DESCRIPTION OF THE TASK: Look through the listing below for lines containing "vstar". State how many there are, and nothing else.

EXTRACTED MATERIAL:
(* For every $f\in L^1(\mathbb R^3\times\mathbb R^3,\,dx\otimes\sigma(v)\,dv)$ (the gain operator acting in the velocity variable, $x$ being a parameter) one has, for a.e. $(x,v)$, $$Q^+f(x,v)=\frac{1}{2\epsilon^2\gamma^2}\int_{\mathbb R^3} k(v,v')\,f(x,v')\,dv',$$ where $$k(v,v')=\Big(\frac{m_1}{2\pi\vartheta_1}\Big)^{1/2}|v-v'|^{-1}\exp\Big\{-\frac{m_1}{8\vartheta_1}\Big((1+\mu)|v-v'|+\frac{|v-u_1|^2-|v'-u_1|^2}{|v-v'|}\Big)^2\Big\}.$$
   Context: Fix masses $m,m_1>0$, a constant restitution coefficient $\epsilon\in(0,1)$, a bulk velocity $u_1\in\mathbb R^3$ and a temperature $\vartheta_1>0$. Let $\mathcal M_1(v)=\big(\frac{m_1}{2\pi\vartheta_1}\big)^{3/2}\exp\big(-\frac{m_1|v-u_1|^2}{2\vartheta_1}\big)$. Set $\alpha=\frac{m_1}{m+m_1}$, $\beta=\frac{1-\epsilon}{2}$, $\gamma=\alpha\frac{1-\beta}{1-2\beta}$, $\bar\gamma=(1-\alpha)\frac{1-\beta}{1-2\beta}$ and $\mu=\frac{1-2\alpha(1-\beta)}{\alpha(1-\beta)}$ (note $1+\mu>0$). For $v,w\in\mathbb R^3$, $n\in\mathbb S^2$ and $q=v-w$, let $v_\star=v-2\gamma(q\cdot n)n$, $w_\star=w+2\bar\gamma(q\cdot n)n$. The gain operator is $Q^+f(v)=\epsilon^{-2}\int_{\mathbb R^3\times\mathbb S^2}|q\cdot n|\,f(v_\star)\mathcal M_1(w_\star)\,dw\,dn$ ($dn$ the surface measure on $\mathbb S^2$), and the collision frequency is $\sigma(v)=\int_{\mathbb R^3\times\mathbb S^2}|q\cdot n|\,\mathcal M_1(w)\,dw\,dn$. *)

theory Defs
  imports "HOL-Analysis.Analysis"
begin

type_synonym vec3 = "real ^ 3"

text \<open>Surface measure on the unit sphere S^2, defined via the cone measure:
  the surface measure of A \<subseteq> S^2 is 3 times the Lebesgue measure of the cone
  {r n | 0 < r \<le> 1, n \<in> A}.  Total mass is 4 pi.\<close>
definition sphere_measure :: "vec3 measure" where
  "sphere_measure =
     density (distr (restrict_space lborel (cball 0 1 - {0}))
                    (restrict_space borel (sphere 0 1))
                    (\<lambda>y. y /\<^sub>R norm y))
             (\<lambda>_. 3)"

definition Maxw1 :: "real \<Rightarrow> real \<Rightarrow> vec3 \<Rightarrow> vec3 \<Rightarrow> real" where
  "Maxw1 m1 th1 u1 v =
     (m1 / (2 * pi * th1)) powr (3/2) * exp (- (m1 * (norm (v - u1))\<^sup>2) / (2 * th1))"

definition alpha_c :: "real \<Rightarrow> real \<Rightarrow> real" where
  "alpha_c m m1 = m1 / (m + m1)"

definition beta_c :: "real \<Rightarrow> real" where
  "beta_c eps = (1 - eps) / 2"

definition gamma_c :: "real \<Rightarrow> real \<Rightarrow> real \<Rightarrow> real" where
  "gamma_c m m1 eps = alpha_c m m1 * (1 - beta_c eps) / (1 - 2 * beta_c eps)"

definition gammabar_c :: "real \<Rightarrow> real \<Rightarrow> real \<Rightarrow> real" where
  "gammabar_c m m1 eps = (1 - alpha_c m m1) * (1 - beta_c eps) / (1 - 2 * beta_c eps)"

definition mu_c :: "real \<Rightarrow> real \<Rightarrow> real \<Rightarrow> real" where
  "mu_c m m1 eps = (1 - 2 * alpha_c m m1 * (1 - beta_c eps)) / (alpha_c m m1 * (1 - beta_c eps))"

definition vstar :: "real \<Rightarrow> real \<Rightarrow> real \<Rightarrow> vec3 \<Rightarrow> vec3 \<Rightarrow> vec3 \<Rightarrow> vec3" where
  "vstar m m1 eps v w n = v - (2 * gamma_c m m1 eps * ((v - w) \<bullet> n)) *\<^sub>R n"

ANSWER TO THE EXERCISE: 2